Август 1948-го. Время действия устанавливаю не для того, чтобы обратить внимание — мне 20. В то лето я приехала из Баку к маме в Люберцы, в то лето еще не было госкомпании «безродные космополиты», но все к тому плотно и густо приближалось, и случился случай, когда антисемитизм населения сыграл мне на руку, можно сказать, спас от кутузки. Но — по порядку.

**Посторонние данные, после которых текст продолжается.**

(* For each $t\in J$, the map $\Psi_t\colon A\to\hat D_t\setminus\hat I_t$ is a bijection.
   Context: Setup: $I=[-1,1]$, $J=(1,2]$, $f_t(x)=\min(t(x-1)+3,\,t(1-x)-1)$. $S$ is the circle of radius 2 with angular coordinate $y$; $D$ is the disk of radius 2 with coordinates $(y,s)\in S\times[0,1]$ (from a smooth embedding of the mapping cylinder of $y\mapsto\cos y$), $(y,0)=y\in S$, $(y,1)=\cos y\in I\subset D$. $\Upsilon(y,s)=(y,2s)$ for $s\le1/2$, $(y,1)$ for $s\ge1/2$. An unwrapping is a continuous family of orientation-preserving near-homeomorphisms $\bar f_t\colon D\to D$ with $\bar f_t$ injective on $I$, $\bar f_t(I)\subset\{s\ge1/2\}$, $\Upsilon\circ\bar f_t|_I=f_t$, the second coordinate of $\bar f_t(y,s)$ equal to $s$ for $s\le 1/2$; assume moreover $\bar f_t=\mathrm{id}$ on $S\times[0,3/4]$. $H_t=\Upsilon\circ\bar f_t$ (so $H_t|_I=f_t$), $\hat D_t=\varprojlim(D,H_t)=\{\langle z_0,z_1,\dots\rangle: H_t(z_{n+1})=z_n\}$, $\hat I_t=\varprojlim(I,f_t)\subset\hat D_t$. Let $A=S\times[0,\infty)$. Define $\Psi_t\colon A\to\hat D_t\setminus\hat I_t$ by: if $s\in[0,1)$, $\Psi_t(y,s)=\langle(y,s),(y,s/2),(y,s/4),\dots\rangle$; if $s\ge1$, let $k=\lfloor s\rfloor$, $u=s-k$, $v=(u+1)/2\in[1/2,1)$, and $\Psi_t(y,s)=\langle z_0,z_1,\dots\rangle$ with $z_{k-j}=H_t^{\,j}(y,v)$ for $j=1,\dots,k$ (equivalently $f_t^{j-1}(H_t(y,v))$), $z_k=(y,v)$, and $z_{k+j}=(y,v/2^j)$ for $j\ge1$. *)

theory Defs
  imports "HOL-Analysis.Analysis" "HOL-Complex_Analysis.Complex_Analysis"
begin

definition Jset :: "real set" where "Jset = {1<..2}"

definition fmap :: "real \<Rightarrow> real \<Rightarrow> real" where
  "fmap t x = min (t * (x - 1) + 3) (t * (1 - x) - 1)"

definition Sset :: "complex set" where "Sset = sphere 0 2"
definition Dset :: "complex set" where "Dset = cball 0 2"

text \<open>Concrete embedding of the mapping cylinder of y \<mapsto> cos y into D:
  for w = 2 e^{iy} in S and s in [0,1], the point (y,s) of D is
  ((2-s) cos y, 2(1-s) sin y).  Thus (y,0) = y in S and (y,1) = cos y in I.\<close>
definition coordD :: "complex \<Rightarrow> real \<Rightarrow> complex" where
  "coordD w s = Complex (Re w * (2 - s) / 2) (Im w * (1 - s))"

definition Iset :: "complex set" where "Iset = of_real ` {-1..1}"

definition Upsilon :: "complex \<Rightarrow> complex" where
  "Upsilon z = (let (w, s) = (SOME (w, s). w \<in> Sset \<and> s \<in> {0..1} \<and> z = coordD w s)
                in coordD w (min (2 * s) 1))"

definition orient_pres_homeo :: "(complex \<Rightarrow> complex) \<Rightarrow> bool" where
  "orient_pres_homeo h \<longleftrightarrow>
     (\<exists>h'. homeomorphism Dset Dset h h') \<and>
     winding_number (h \<circ> circlepath 0 2) (h 0) = 1"

definition op_near_homeo :: "(complex \<Rightarrow> complex) \<Rightarrow> bool" where
  "op_near_homeo g \<longleftrightarrow> g ` Dset \<subseteq> Dset \<and>
     (\<forall>e>0. \<exists>h. orient_pres_homeo h \<and> (\<forall>z\<in>Dset. dist (g z) (h z) < e))"

text \<open>Unwrapping of the family f_t (with the extra assumption fbar_t = id on
  S \<times> [0,3/4]).\<close>
definition unwrapping :: "(real \<Rightarrow> complex \<Rightarrow> complex) \<Rightarrow> bool" where
  "unwrapping fbar \<longleftrightarrow>
     continuous_on (Jset \<times> Dset) (\<lambda>(t, z). fbar t z) \<and>
     (\<forall>t\<in>Jset.
        op_near_homeo (fbar t) \<and>
        inj_on (fbar t) Iset \<and>
        (\<forall>x\<in>Iset. \<exists>w\<in>Sset. \<exists>s\<in>{1/2..1}. fbar t x = coordD w s) \<and>
        (\<forall>x\<in>{-1..1}. Upsilon (fbar t (of_real x)) = of_real (fmap t x)) \<and>
        (\<forall>w\<in>Sset. \<forall>s\<in>{0..1/2}. \<exists>w'\<in>Sset. fbar t (coordD w s) = coordD w' s) \<and>
        (\<forall>w\<in>Sset. \<forall>s\<in>{0..3/4}. fbar t (coordD w s) = coordD w s))"

definition Hmap :: "(real \<Rightarrow> complex \<Rightarrow> complex) \<Rightarrow> real \<Rightarrow> complex \<Rightarrow> complex" where
  "Hmap fbar t = Upsilon \<circ> fbar t"

definition Dhat :: "(real \<Rightarrow> complex \<Rightarrow> complex) \<Rightarrow> real \<Rightarrow> (nat \<Rightarrow> complex) set" where
  "Dhat fbar t = {z. \<forall>n. z n \<in> Dset \<and> Hmap fbar t (z (Suc n)) = z n}"

definition Ihat :: "real \<Rightarrow> (nat \<Rightarrow> complex) set" where
  "Ihat t = {z. \<forall>n. z n \<in> Iset \<and> of_real (fmap t (Re (z (Suc n)))) = z n}"

definition Aset :: "(complex \<times> real) set" where "Aset = Sset \<times> {0..}"

definition Psi :: "(real \<Rightarrow> complex \<Rightarrow> complex) \<Rightarrow> real \<Rightarrow> complex \<times> real \<Rightarrow> nat \<Rightarrow> complex" where
  "Psi fbar t p = (case p of (w, s) \<Rightarrow>
     if s < 1 then (\<lambda>n. coordD w (s / 2 ^ n))
     else (let k = nat \<lfloor>s\<rfloor>; u = s - real k; v = (u + 1) / 2 in
           (\<lambda>n. if n < k then (Hmap fbar t ^^ (k - n)) (coordD w v)
                else coordD w (v / 2 ^ (n - k)))))"

end

theory Submission
  imports Defs
begin

text \<open>Points of \<open>D\<close> off \<open>I\<close> have cylinder coordinates \<open>(y, s)\<close> with \<open>s < 1\<close>. On the collar
  \<open>s \<le> 3/4\<close> the map \<open>H\<^sub>t\<close> doubles \<open>s\<close>, and every point with \<open>s \<ge> 1/2\<close> is sent into \<open>I\<close>: for
  \<open>s \<le> 3/4\<close> by \<open>\<Upsilon>\<close>, and for \<open>s > 3/4\<close> because the near-homeomorphism \<open>f\<^sub>t\<close>, being the identity on
  the collar, cannot fold such points into \<open>s < 3/4\<close>. Since \<open>H\<^sub>t\<close> maps \<open>I\<close> into itself, a thread
  in \<open>Dhat fbar t - Ihat t\<close> lies in \<open>I\<close> up to some level \<open>k\<close> and equals \<open>(y, v / 2\<^sup>j)\<close> at level \<open>k + j\<close>,
  with \<open>v \<ge> 1/2\<close> when \<open>k > 0\<close>; the pair \<open>(k, v)\<close> is exactly how \<open>\<Psi>\<^sub>t\<close> encodes \<open>s\<close>.\<close>

lemma Sset_Re_Im: "w \<in> Sset \<Longrightarrow> (Re w)\<^sup>2 + (Im w)\<^sup>2 = 4"
  by (simp add: Sset_def flip: cmod_power2)

lemma Re_coordD [simp]: "Re (coordD w s) = Re w * (2 - s) / 2"
  and Im_coordD [simp]: "Im (coordD w s) = Im w * (1 - s)"
  by (simp_all add: coordD_def)

lemma coordD_in_Dset: assumes "w \<in> Sset" "s \<in> {0..1}" shows "coordD w s \<in> Dset"
proof -
  have "((2-s)/2)\<^sup>2 \<le> 1" "(1-s)\<^sup>2 \<le> 1" using assms by (intro power_le_one; simp)+
  then have "(Re w)\<^sup>2 * ((2-s)/2)\<^sup>2 + (Im w)\<^sup>2 * (1-s)\<^sup>2 \<le> (Re w)\<^sup>2 + (Im w)\<^sup>2"
    by (intro add_mono mult_left_le) auto
  moreover have "(cmod (coordD w s))\<^sup>2 = (Re w)\<^sup>2 * ((2-s)/2)\<^sup>2 + (Im w)\<^sup>2 * (1-s)\<^sup>2"
    unfolding cmod_power2 Re_coordD Im_coordD power_mult_distrib power_divide by simp
  ultimately have "(cmod (coordD w s))\<^sup>2 \<le> 2\<^sup>2" using Sset_Re_Im[OF assms(1)] by simp
  then have "cmod (coordD w s) \<le> 2" by (rule power2_le_imp_le) simp
  then show ?thesis by (simp add: Dset_def)
qed

lemma coordD_one_in_Iset: assumes "w \<in> Sset" shows "coordD w 1 \<in> Iset"
proof -
  have "Re w / 2 \<in> {-1..1}" using abs_Re_le_cmod[of w] assms by (simp add: Sset_def abs_le_iff)
  moreover have "coordD w 1 = of_real (Re w / 2)" by (rule complex_eqI) simp_all
  ultimately show ?thesis unfolding Iset_def by blast
qed

lemma Iset_eq_coordD_one: assumes "z \<in> Iset" obtains w where "w \<in> Sset" "z = coordD w 1"
proof -
  obtain x where "x \<in> {-1..1}" and z: "z = of_real x" using assms by (auto simp: Iset_def)
  then have "x\<^sup>2 \<le> 1" by (simp add: abs_square_le_1 abs_le_iff)
  define w where "w = Complex (2 * x) (2 * sqrt (1 - x\<^sup>2))"
  have "(cmod w)\<^sup>2 = 2\<^sup>2" using \<open>x\<^sup>2 \<le> 1\<close> by (simp add: cmod_power2 w_def power_mult_distrib)
  then have "w \<in> Sset" unfolding Sset_def by (subst (asm) power2_eq_iff_nonneg) auto
  moreover have "z = coordD w 1" by (simp add: z w_def complex_eq_iff)
  ultimately show ?thesis using that by blast
qed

В стареньком, не помню с чьего плеча, платье, в таком потертом, что болотного цвета искусственный шелк на свет был прорежен, я вышла из дому. Вышла из ведомственного дома нефтяников, резко выделявшегося в тогдашних малорослых Люберцах своей пятиэтажностью и витриной продмага, где розовели три поросячьих рыльца из папье-маше. Дом, в котором жила мама, так и прозвали «Три поросенка». Вышла я на люберецкую улицу не впервые, но впервые при моем всегдашнем равнодушии к вещам с редкими вспышками интереса заметила пестровитринные лавочки в двухэтажных домах вдоль всей улицы, ведущей к станции. В послевоенные годы открылись и магазины со съестным по коммерческим ценам, но на то, что мне недоступно, я давно уже привыкла не заглядываться, даже слюнки не глотала. Однако в тот день редкая вспышка интереса втолкнула меня в лавку с тканями, во внутримагазинную толпу. В тесном помещении многолюдье особенное — сплошняк. Но это я ощутила потом, а пока, как завороженная, прибилась к прилавку, застыла и уставилась на штапель, ситец и сатин. И на шелк. До сих пор помню: разнокрасочные полосы тканей в горошек, клетку, цветочек, в какие-то завихренные листья и волны. А кто стоял за прилавком, он или она и что потом делали он или она, не вспомню. Я разглядывала водопадно-блескучие ткани, отражавшие всю материю мира, мечтала, грезила и, как всегда, что-то крутила. И вдруг пронзительная боль: мою руку крепко стиснули, что-то остро впилось, и одновременно я услышала крик: «Воховка! Дехжите ее! Цыганка!». Я оглянулась, ища глазами цыганку-воровку, и оторопела, — обо мне ведь: «Воровка! Цыганка!». Впритык к прилавку образовалась полукруглая, орущая пустота, в которой две толстые рыжие тетки четырьмя руками держали одну мою левую и вопили с еврейской, усилившейся от напряжения, музыкой: «Дехжите, воховку!» Из их криков всем — и подоспевшему милиционеру, а в последнюю очередь мне, стало ясно, — я расстегнула ридикюль. Он иногда снится мне: коричневокожий с распахнутым красно-подкладочным нутром и клык застежки, от него еще долго на ладони оставался шрамик. Но почему — «держите!»? — они и без того меня держали.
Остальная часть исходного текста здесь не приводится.